Using Visual Correspondences to See the World in Motion

Xue “Shelley” Lin

ECE Associate Professor Xue “Shelley” Lin, in collaboration with Khoury Assistant Professor Huaizu Jiang, was awarded a $600,000 NSF grant for “Toward Efficient and Robust Dynamic Scene Understanding Based on Visual Correspondences.”


Abstract Source: NSF

Finding correspondences is a fundamental problem in computer vision; visual correspondences provide useful cues for a machine to understand its dynamic surroundings in a manner similar to what humans do. For instance, as an agent moves around, it may learn that objects that are far away like mountains typically do not move much, whereas nearby buildings and bushes appear to move rapidly in the environments as the agent changes position relative to them. Although significant advances have been made in solving various forms of visual correspondence problems, different correspondence models maintain different designs despite their inherent similarity, making the effective design principles and the learned representations difficult to transfer from one problem to another. In response to this challenge, this project aims to solve disparate visual correspondence problems with a unified model. In doing so, the project will also address two practical aspects of implementation of the developed models in scenarios with diverse visual appearance and significant resource constraints. These advances are expected to unlock novel applications and improve dynamic scene understanding in the areas of Augmented Reality, sports broadcasting, sports analytics, robotics, etc.

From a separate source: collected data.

(* Let $\mathcal{L}$ be a nonempty set, let $\langle \mathcal{M}, \models, f\rangle$ be an fC-model for $\mathcal{L}$, and define $\mathcal{C}: 2^{\mathcal{L}} \to 2^{\mathcal{L}}$ by $\mathcal{C}(A) = \overline{f(\widehat{A})}$ for all $A \subseteq \mathcal{L}$. Then $\mathcal{C}$ is a C-logics, i.e. it satisfies Inclusion ($A \subseteq \mathcal{C}(A)$ for all $A\subseteq\mathcal{L}$) and Cumulativity (for all $A, B \subseteq \mathcal{L}$, $A \subseteq B \subseteq \mathcal{C}(A)$ implies $\mathcal{C}(A) = \mathcal{C}(B)$).
   Context: $\mathcal{L}$ is an arbitrary nonempty set (of "propositions"), with no structure assumed. An fC-model for $\mathcal{L}$ is a triple $\langle \mathcal{M}, \models, f\rangle$ where $\mathcal{M}$ is any set, $\models \subseteq \mathcal{M}\times\mathcal{L}$ is any binary relation, and $f: 2^{\mathcal{M}} \to 2^{\mathcal{M}}$ is a function defined on all subsets of $\mathcal{M}$ satisfying, for all $X, Y \subseteq \mathcal{M}$: Contraction $f(X) \subseteq X$, and Local Cumulativity: $f(X) \subseteq Y \subseteq X \Rightarrow f(Y) = f(X)$. For $A \subseteq \mathcal{L}$, $\widehat{A} = \{x \in \mathcal{M} : x \models a \text{ for all } a \in A\}$; for $X \subseteq \mathcal{M}$, $\overline{X} = \{a \in \mathcal{L} : x \models a \text{ for all } x \in X\}$. *)

theory Defs
  imports Main
begin

definition hat :: "'m set \<Rightarrow> ('m \<times> 'l) set \<Rightarrow> 'l set \<Rightarrow> 'm set" where
  "hat M sat A = {x \<in> M. \<forall>a\<in>A. (x, a) \<in> sat}"

definition bar :: "'l set \<Rightarrow> ('m \<times> 'l) set \<Rightarrow> 'm set \<Rightarrow> 'l set" where
  "bar L sat X = {a \<in> L. \<forall>x\<in>X. (x, a) \<in> sat}"

definition fC_model :: "'l set \<Rightarrow> 'm set \<Rightarrow> ('m \<times> 'l) set \<Rightarrow> ('m set \<Rightarrow> 'm set) \<Rightarrow> bool" where
  "fC_model L M sat f \<longleftrightarrow>
     sat \<subseteq> M \<times> L \<and>
     (\<forall>X. X \<subseteq> M \<longrightarrow> f X \<subseteq> X) \<and>
     (\<forall>X Y. X \<subseteq> M \<longrightarrow> Y \<subseteq> M \<longrightarrow> f X \<subseteq> Y \<longrightarrow> Y \<subseteq> X \<longrightarrow> f Y = f X)"

definition C_logic :: "'l set \<Rightarrow> ('l set \<Rightarrow> 'l set) \<Rightarrow> bool" where
  "C_logic L C \<longleftrightarrow>
     (\<forall>A. A \<subseteq> L \<longrightarrow> C A \<subseteq> L) \<and>
     (\<forall>A. A \<subseteq> L \<longrightarrow> A \<subseteq> C A) \<and>
     (\<forall>A B. A \<subseteq> L \<longrightarrow> B \<subseteq> L \<longrightarrow> A \<subseteq> B \<longrightarrow> B \<subseteq> C A \<longrightarrow> C A = C B)"

end

theory Submission
  imports Defs
begin

text \<open>The maps \<open>hat\<close> and \<open>bar\<close> form an antitone Galois connection between subsets of \<open>M\<close> and
  subsets of \<open>L\<close>. Inclusion then follows from contraction \<open>f (hat A) \<subseteq> hat A\<close>; for
  cumulativity, \<open>B \<subseteq> bar (f (hat A))\<close> means \<open>f (hat A) \<subseteq> hat B\<close>, and \<open>A \<subseteq> B\<close> gives
  \<open>hat B \<subseteq> hat A\<close>, so local cumulativity of \<open>f\<close> yields \<open>f (hat B) = f (hat A)\<close>.\<close>

lemma hat_subset: "hat M sat A \<subseteq> M"
  unfolding hat_def by blast

lemma bar_subset: "bar L sat X \<subseteq> L"
  unfolding bar_def by blast

lemma hat_antimono: "A \<subseteq> B \<Longrightarrow> hat M sat B \<subseteq> hat M sat A"
  unfolding hat_def by blast

lemma subset_hat_iff_subset_bar:
  assumes "X \<subseteq> M" and "A \<subseteq> L"
  shows "X \<subseteq> hat M sat A \<longleftrightarrow> A \<subseteq> bar L sat X"
  using assms unfolding hat_def bar_def by blast

lemma fC_model_contraction: "fC_model L M sat f \<Longrightarrow> X \<subseteq> M \<Longrightarrow> f X \<subseteq> X"
  unfolding fC_model_def by blast

lemma fC_model_local_cumulativity:
  "fC_model L M sat f \<Longrightarrow> X \<subseteq> M \<Longrightarrow> Y \<subseteq> M \<Longrightarrow> f X \<subseteq> Y \<Longrightarrow> Y \<subseteq> X \<Longrightarrow> f Y = f X"
  unfolding fC_model_def by blast

lemma fC_model_image_subset:
  assumes "fC_model L M sat f"
  shows "f (hat M sat A) \<subseteq> hat M sat A"
  using assms hat_subset by (rule fC_model_contraction)

lemma fC_model_inclusion:
  assumes "fC_model L M sat f" and "A \<subseteq> L"
  shows "A \<subseteq> bar L sat (f (hat M sat A))"
proof -
  have "f (hat M sat A) \<subseteq> hat M sat A"
    using assms(1) by (rule fC_model_image_subset)
  moreover have "f (hat M sat A) \<subseteq> M"
    using calculation hat_subset by (rule order_trans)
  ultimately show ?thesis
    using assms(2) by (simp add: subset_hat_iff_subset_bar)
qed

lemma fC_model_cumulativity:
  assumes "fC_model L M sat f" and "B \<subseteq> L" and "A \<subseteq> B"
    and "B \<subseteq> bar L sat (f (hat M sat A))"
  shows "f (hat M sat B) = f (hat M sat A)"
proof -
  have "f (hat M sat A) \<subseteq> M"
    using fC_model_image_subset[OF assms(1)] hat_subset by (rule order_trans)
  then have "f (hat M sat A) \<subseteq> hat M sat B"
    using assms(2,4) by (simp add: subset_hat_iff_subset_bar)
  moreover have "hat M sat B \<subseteq> hat M sat A"
    using assms(3) by (rule hat_antimono)
  ultimately show ?thesis
    by (rule fC_model_local_cumulativity[OF assms(1) hat_subset hat_subset])
qed

theorem theorem1:
  fixes L :: "'l set" and M :: "'m set" and sat :: "('m \<times> 'l) set"
    and f :: "'m set \<Rightarrow> 'm set"
  assumes "L \<noteq> {}"
    and "fC_model L M sat f"
  shows "C_logic L (\<lambda>A. bar L sat (f (hat M sat A)))"
  unfolding C_logic_def
proof (intro conjI allI impI)
  fix A B :: "'l set"
  show "bar L sat (f (hat M sat A)) \<subseteq> L"
    by (rule bar_subset)
  show "A \<subseteq> L \<Longrightarrow> A \<subseteq> bar L sat (f (hat M sat A))"
    using assms(2) by (rule fC_model_inclusion)
  show "bar L sat (f (hat M sat A)) = bar L sat (f (hat M sat B))"
    if "B \<subseteq> L" "A \<subseteq> B" "B \<subseteq> bar L sat (f (hat M sat A))"
    using fC_model_cumulativity[OF assms(2) that] by simp
qed

end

The project outcomes may also unveil new markets and economic opportunities through solutions that augment cognitive and physical abilities of users in their daily lives. The team of researchers will actively integrate proposed research into the curriculum development and attract undergraduate researchers to the project. This project is particularly well-suited for outreach activities to broaden participation of underrepresented and K-12 students, by connecting abstract technical concepts with tangible research demonstrations.

The project has three tightly connected thrusts, presenting fundamental advances in correspondence determination, in applications of these correspondences, and in making these algorithms efficient and robust in deployment. Concretely, first, a unified model to solve all the visual correspondence problems, ranging from 2D to 3D, will be developed, taking advantage of recent progress of the Transformer model and self-supervised learning from large-scale unlabeled data. The Transformer model naturally captures the correspondences of candidates with less inductive bias, making it a better choice to learn from the large-scale data and improve accuracy of data-poor domains when transferred from data-rich ones. Second, with the correspondences, novel applications will be unlocked to advance dynamic scene understanding, particularly for slow-motion video synthesis and robotic obstacle avoidance. Finally, the investigators will study mechanisms to improve efficiency and robustness when deploying the models on edge computing devices. The developed algorithms will be rigorously evaluated on standard benchmarks and in real-world deployment on edge devices.